EXERCISE INSTRUCTIONS: Nothing is needed except the lines below that run from the one with "alpha p d \<longleftrightarrow>" through the one with "by (simp add: other_def)", repeated exactly.

RECORDS PROVIDED:
------------------------------------

definition optimal ::
  "nat \<Rightarrow> real \<Rightarrow> real \<Rightarrow> real \<Rightarrow> real \<Rightarrow> (nat \<Rightarrow> real) \<Rightarrow> (nat \<Rightarrow> nat \<Rightarrow> real) \<Rightarrow>
   (nat \<Rightarrow> nat \<Rightarrow> real) \<Rightarrow> (nat \<Rightarrow> nat \<Rightarrow> real) \<Rightarrow> bool" where
  "optimal N h1 h2 s1 s2 alpha E p d \<longleftrightarrow>
     feasible N alpha E p d \<and>
     (\<forall>q e. feasible N alpha E q e \<longrightarrow>
        objective N h1 h2 s1 s2 q \<le> objective N h1 h2 s1 s2 p)"

definition procrastinating ::
  "nat \<Rightarrow> (nat \<Rightarrow> real) \<Rightarrow> (nat \<Rightarrow> nat \<Rightarrow> real) \<Rightarrow> (nat \<Rightarrow> nat \<Rightarrow> real) \<Rightarrow> bool" where
  "procrastinating N alpha p d \<longleftrightarrow>
     (\<forall>k\<in>{1,2}. \<forall>j\<in>{1,2}. j \<noteq> k \<longrightarrow>
        (\<forall>i\<in>{1..N}. p k i - alpha j * d j i \<ge> 0))"

end

theory Submission
  imports Defs "HOL-Analysis.Analysis"
begin

text \<open>The objective depends on the powers only. For fixed powers \<open>p\<close>, choose among all
  feasible transfer schedules one minimising the potential
  \<open>\<Sum>k n. (N + 1 - n) * d k n\<close>; it exists by compactness. If such a minimiser had
  \<open>alpha j * d j i > p k i\<close>, then either node \<open>k\<close> also sends in slot \<open>i\<close>, and part of the two
  opposite transfers can be cancelled, or it does not, and the surplus is merely stored by \<open>k\<close>,
  so that part of \<open>d j i\<close> can be postponed to slot \<open>i + 1\<close>. Both moves keep the schedule
  feasible and strictly decrease the potential. Minimisers also send nothing when
  \<open>alpha j = 0\<close> and at most \<open>B / alpha j\<close> otherwise, where the total harvested energy \<open>B\<close>
  bounds every power; so an optimal policy exists by compactness as well.\<close>

lemma compact_PiE_UNIV:
  fixes K :: "'a \<Rightarrow> ('b::topological_space) set"
  assumes "\<And>i. compact (K i)"
  shows "compact (PiE UNIV K)"
  using compactin_PiE[of "\<lambda>i. euclidean" UNIV K] assms
  by (simp add: euclidean_product_topology)

lemma continuous_on_coordinate2:
  fixes f :: "'x::topological_space \<Rightarrow> 'a \<Rightarrow> 'b \<Rightarrow> 'c::topological_space"
  assumes "continuous_on S f"
  shows "continuous_on S (\<lambda>x. f x k i)"
  using assms by (metis continuous_on_product_then_coordinatewise)

lemma other_in [simp]: "other k \<in> {1,2}"
  by (simp add: other_def)

lemma other_other [simp]: "k \<in> {1,2} \<Longrightarrow> other (other k) = k"
  by (auto simp: other_def)

lemma other_neq [simp]: "k \<in> {1,2} \<Longrightarrow> other k \<noteq> k"
  by (auto simp: other_def)

definition policy_box :: "nat \<Rightarrow> real \<Rightarrow> (nat \<Rightarrow> nat \<Rightarrow> real) set" where
  "policy_box N M =
     PiE UNIV (\<lambda>k. PiE UNIV (\<lambda>i. if k \<in> {1,2} \<and> i \<in> {1..N} then {0..M} else {0}))"

definition restrict_policy :: "nat \<Rightarrow> (nat \<Rightarrow> nat \<Rightarrow> real) \<Rightarrow> nat \<Rightarrow> nat \<Rightarrow> real" where
  "restrict_policy N f = (\<lambda>k i. if k \<in> {1,2} \<and> i \<in> {1..N} then f k i else 0)"

lemma restrict_policy_apply [simp]:
  "k \<in> {1,2} \<Longrightarrow> i \<in> {1..N} \<Longrightarrow> restrict_policy N f k i = f k i"
  by (simp add: restrict_policy_def)

lemma compact_policy_box: "compact (policy_box N M)"
  unfolding policy_box_def by (intro compact_PiE_UNIV) auto

lemma restrict_policy_in_policy_box:
  assumes "\<forall>k\<in>{1,2}. \<forall>i\<in>{1..N}. 0 \<le> f k i \<and> f k i \<le> M"
  shows "restrict_policy N f \<in> policy_box N M"
  using assms unfolding policy_box_def restrict_policy_def PiE_iff by auto

lemma battery_Suc:
  "battery alpha E p d k (Suc m) = battery alpha E p d k m +
     (E k (Suc m) - p k (Suc m) + alpha (other k) * d (other k) (Suc m) - d k (Suc m))"
  unfolding battery_def by (simp add: sum.nat_ivl_Suc')

lemma battery_cong:
  assumes "k \<in> {1,2}" "m \<le> N"
    and "\<forall>k\<in>{1,2}. \<forall>i\<in>{1..N}. p' k i = p k i \<and> d' k i = d k i"
  shows "battery alpha E p' d' k m = battery alpha E p d k m"
  unfolding battery_def using assms by (intro sum.cong) (auto simp: other_def)

lemma feasibleD:
  assumes "feasible N alpha E p d" "k \<in> {1,2}" "i \<in> {1..N}"
  shows "0 \<le> battery alpha E p d k i" "0 \<le> p k i" "0 \<le> d k i"
  using assms by (auto simp: feasible_def)

lemma feasible_cong:
  assumes "\<forall>k\<in>{1,2}. \<forall>i\<in>{1..N}. p' k i = p k i \<and> d' k i = d k i"
  shows "feasible N alpha E p' d' = feasible N alpha E p d"
  unfolding feasible_def using battery_cong[OF _ _ assms] assms
  by (metis atLeastAtMost_iff)

lemma continuous_on_battery:
  assumes "\<And>k i. continuous_on S (\<lambda>x. P x k i)" "\<And>k i. continuous_on S (\<lambda>x. D x k i)"
  shows "continuous_on S (\<lambda>x. battery alpha E (P x) (D x) k m)"
  unfolding battery_def by (intro continuous_intros assms)

lemma closed_feasible:
  assumes "\<And>k i. continuous_on UNIV (\<lambda>x. P x k i)" "\<And>k i. continuous_on UNIV (\<lambda>x. D x k i)"
  shows "closed {x. feasible N alpha E (P x) (D x)}"
  unfolding feasible_def Ball_def
  by (intro closed_Collect_all closed_Collect_imp open_Collect_const closed_Collect_conj
      closed_Collect_le closed_Collect_const continuous_intros continuous_on_battery assms)

definition total_energy :: "nat \<Rightarrow> (nat \<Rightarrow> nat \<Rightarrow> real) \<Rightarrow> real" where
  "total_energy N E = (\<Sum>k\<in>{1,2}. \<Sum>n=1..N. E k n)"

------------------------------------

RESULT OF THIS TASK:
  "procrastinating N alpha p d \<longleftrightarrow>
     (\<forall>k\<in>{1,2}. \<forall>j\<in>{1,2}. j \<noteq> k \<longrightarrow>
        (\<forall>i\<in>{1..N}. p k i - alpha j * d j i \<ge> 0))"

end

theory Submission
  imports Defs "HOL-Analysis.Analysis"
begin

text \<open>The objective depends on the powers only. For fixed powers \<open>p\<close>, choose among all
  feasible transfer schedules one minimising the potential
  \<open>\<Sum>k n. (N + 1 - n) * d k n\<close>; it exists by compactness. If such a minimiser had
  \<open>alpha j * d j i > p k i\<close>, then either node \<open>k\<close> also sends in slot \<open>i\<close>, and part of the two
  opposite transfers can be cancelled, or it does not, and the surplus is merely stored by \<open>k\<close>,
  so that part of \<open>d j i\<close> can be postponed to slot \<open>i + 1\<close>. Both moves keep the schedule
  feasible and strictly decrease the potential. Minimisers also send nothing when
  \<open>alpha j = 0\<close> and at most \<open>B / alpha j\<close> otherwise, where the total harvested energy \<open>B\<close>
  bounds every power; so an optimal policy exists by compactness as well.\<close>

lemma compact_PiE_UNIV:
  fixes K :: "'a \<Rightarrow> ('b::topological_space) set"
  assumes "\<And>i. compact (K i)"
  shows "compact (PiE UNIV K)"
  using compactin_PiE[of "\<lambda>i. euclidean" UNIV K] assms
  by (simp add: euclidean_product_topology)

lemma continuous_on_coordinate2:
  fixes f :: "'x::topological_space \<Rightarrow> 'a \<Rightarrow> 'b \<Rightarrow> 'c::topological_space"
  assumes "continuous_on S f"
  shows "continuous_on S (\<lambda>x. f x k i)"
  using assms by (metis continuous_on_product_then_coordinatewise)

lemma other_in [simp]: "other k \<in> {1,2}"
  by (simp add: other_def)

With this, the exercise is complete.